[Records from a data source]
text \<open>A pair (\<gamma>, \<delta>) preserves the vertical edges of X \<times>^\<phi> F because \<delta> is an automorphism of F,
  and the horizontal ones because \<phi>(\<gamma>u \<gamma>v) \<delta> = \<phi>(uv) \<delta> = \<delta> \<phi>(uv) by the two compatibility
  conditions.  The stabilizer of (x, i) is \<Gamma>_x \<times> \<Delta>_i and the orbits of \<Gamma> \<times> \<Delta> are the products of
  orbits, so the co-volume sum of the product action is the product of the two co-volume sums,
  which is finite by Tonelli's theorem for non-negative families.\<close>

lemma summable_on_product_nonneg:
  fixes f :: "'a \<Rightarrow> real" and g :: "'b \<Rightarrow> real"
  assumes "f summable_on A" and "g summable_on B"
    and "\<And>x. x \<in> A \<Longrightarrow> f x \<ge> 0" and "\<And>y. y \<in> B \<Longrightarrow> g y \<ge> 0"
  shows "(\<lambda>(x, y). f x * g y) summable_on A \<times> B"
proof (rule summable_on_SigmaI[where g = "\<lambda>x. f x * infsum g B"])
  fix x
  show "((\<lambda>y. (\<lambda>(x, y). f x * g y) (x, y)) has_sum f x * infsum g B) B"
    using has_sum_cmult_right[OF has_sum_infsum[OF assms(2)]] by simp
  show "(\<lambda>x. f x * infsum g B) summable_on A"
    using assms(1) by (rule summable_on_cmult_left)
qed (use assms in auto)

lemma (in group_action) orbits_ne_empty:
  "orb \<in> orbits G E \<phi> \<Longrightarrow> orb \<noteq> {}"
  using orbit_refl by (auto simp: orbits_def)

lemma (in group_action) stabilizer_conjugate:
  assumes "g \<in> carrier G" and "x \<in> E"
  shows "(\<lambda>h. g \<otimes> h \<otimes> inv g) ` stabilizer G \<phi> x = stabilizer G \<phi> (\<phi> g x)"
proof -
  interpret group G
    using group_hom group_hom.axioms(1) by blast
  have conj_subset: "(\<lambda>h. g \<otimes> h \<otimes> inv g) ` stabilizer G \<phi> x \<subseteq> stabilizer G \<phi> (\<phi> g x)"
    if g: "g \<in> carrier G" and x: "x \<in> E" for g x
  proof
    fix k assume "k \<in> (\<lambda>h. g \<otimes> h \<otimes> inv g) ` stabilizer G \<phi> x"
    then obtain h where h: "h \<in> carrier G" "\<phi> h x = x" and k: "k = g \<otimes> h \<otimes> inv g"
      by (auto simp: stabilizer_def)
    have "\<phi> k (\<phi> g x) = \<phi> g (\<phi> h (\<phi> (inv g) (\<phi> g x)))"
      using g x h k composition_rule element_image by (metis inv_closed m_closed)
    also have "\<phi> (inv g) (\<phi> g x) = x"
      using orbit_sym_aux g x by blast
    finally show "k \<in> stabilizer G \<phi> (\<phi> g x)"
      using g h k by (simp add: stabilizer_def)
  qed
  show ?thesis
  proof
    show "stabilizer G \<phi> (\<phi> g x) \<subseteq> (\<lambda>h. g \<otimes> h \<otimes> inv g) ` stabilizer G \<phi> x"
    proof
      fix k assume k: "k \<in> stabilizer G \<phi> (\<phi> g x)"
      have "\<phi> (inv g) (\<phi> g x) = x"
        using orbit_sym_aux assms by blast
      then have "inv g \<otimes> k \<otimes> inv (inv g) \<in> stabilizer G \<phi> x"
        using conj_subset[of "inv g" "\<phi> g x"] assms k element_image by auto
      moreover have "k \<in> carrier G"
        using k stabilizer_subset by blast
      then have "k = g \<otimes> (inv g \<otimes> k \<otimes> inv (inv g)) \<otimes> inv g"
        using conjugation_is_surj assms(1) by simp
      ultimately show "k \<in> (\<lambda>h. g \<otimes> h \<otimes> inv g) ` stabilizer G \<phi> x"
        by blast
    qed
  qed (rule conj_subset[OF assms])
qed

**Directions:**
Every line above that includes the word "because" should be listed.

**Completed exercise:**
text \<open>A pair (\<gamma>, \<delta>) preserves the vertical edges of X \<times>^\<phi> F because \<delta> is an automorphism of F,
  and the horizontal ones because \<phi>(\<gamma>u \<gamma>v) \<delta> = \<phi>(uv) \<delta> = \<delta> \<phi>(uv) by the two compatibility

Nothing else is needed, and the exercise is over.